Put the sheets, created from the template (described below), for one or more ontologies in a folder and the ‘FAIRmaterials’ ‘process_ontology_files’ or ‘FAIRSheetParser’ function will output a JSON-LD, turtle/OWL, SVG/PNG visualization, and HTML documentation into the input folder for all the input ontologies merged. Note that a folder containing only files for one ontology will give results for just that ontology and specifying a base uri is required for merging ontologies. The package can handle subdirectories by producing separate unmerged outputs for each subdirectory and a merged output from all files in the input path. This tool, developed for use by the SDLE Research Center at Case Western Reserve University, facilitates the creation and visualization of material science ontologies.

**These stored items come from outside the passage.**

theorem controllable_by_feedback:
  assumes "0 < \<alpha>" "1 \<le> r"
  shows "\<exists>T>0. \<exists>K\<ge>0. controllable X b m D \<alpha> T r K"
proof -
  obtain T where T: "T > 0" "norm (exp ((-T) *\<^sub>R A_op)) \<le> \<alpha>"
    by (rule exp_decay_if_coercive[OF coercivity_const_pos A_op_coercive assms(1)])
  define K where "K = exp (T * norm A_op) * max 1 T"
  have "controllable X b m D \<alpha> T r K"
    unfolding controllable_def
  proof (intro allI impI exI conjI ballI)
    fix f0 assume "in_l2 m X f0"
    hence f0: "l2_summable f0" by (simp add: in_l2_iff_l2_summable)
    have norm_f0: "l2norm m X f0 = ennreal (norm (to_ell2 f0))"
      by (rule l2norm_eq_norm_to_ell2[OF f0])
    show "(\<lambda>\<tau>. feedback_control (to_ell2 f0) \<tau> x) \<in> borel_measurable lborel" for x
      by (rule feedback_control_measurable)
    show "Lr_norm r T (\<lambda>\<tau>. l2norm m D (feedback_control (to_ell2 f0) \<tau>)) \<le> ennreal K * l2norm m X f0"
      using Lr_norm_feedback_control_le[OF T(1) assms(2), of "to_ell2 f0"]
      by (simp add: norm_f0 K_def ennreal_mult)
    have "norm (orbit (to_ell2 f0) T) \<le> norm (exp ((-T) *\<^sub>R A_op)) * norm (to_ell2 f0)"
      unfolding orbit_def by (rule norm_op_apply_le)
    also have "\<dots> \<le> \<alpha> * norm (to_ell2 f0)"
      using T(2) by (rule mult_right_mono) simp
    finally have "ennreal (norm (orbit (to_ell2 f0) T)) \<le> ennreal (\<alpha> * norm (to_ell2 f0))"
      by (rule ennreal_leI)
    with l2norm_mild_sol_feedback_le[OF f0 less_imp_le[OF T(1)]]
    have "l2norm m X (mild_sol X b m D f0 (feedback_control (to_ell2 f0)) T)
        \<le> ennreal (\<alpha> * norm (to_ell2 f0))"
      by (rule order.trans)
    thus "l2norm m X (mild_sol X b m D f0 (feedback_control (to_ell2 f0)) T) \<le> ennreal \<alpha> * l2norm m X f0"
      using assms(1) by (simp add: norm_f0 ennreal_mult)
  qed
  moreover have "K \<ge> 0" by (simp add: K_def)
  ultimately show ?thesis using T(1) by blast
qed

How to use FAIR CSV template:

To Prepare your CSV files, ensure your CSV files contains the appropriate ontological terms and corresponding data using this template: FAIR CSV Template

The XLSX versions of the templates can be found in the package using this code:

# Load the necessary library
library(utils)

# Specifying the path to the Zip file
zip_file <- system.file("extdata", "FAIRSheetTemplatesZIP.zip", package = "FAIRmaterials")

# Extract files from the Zip
unzip(zip_file, exdir = "path/to/destination/for/templates")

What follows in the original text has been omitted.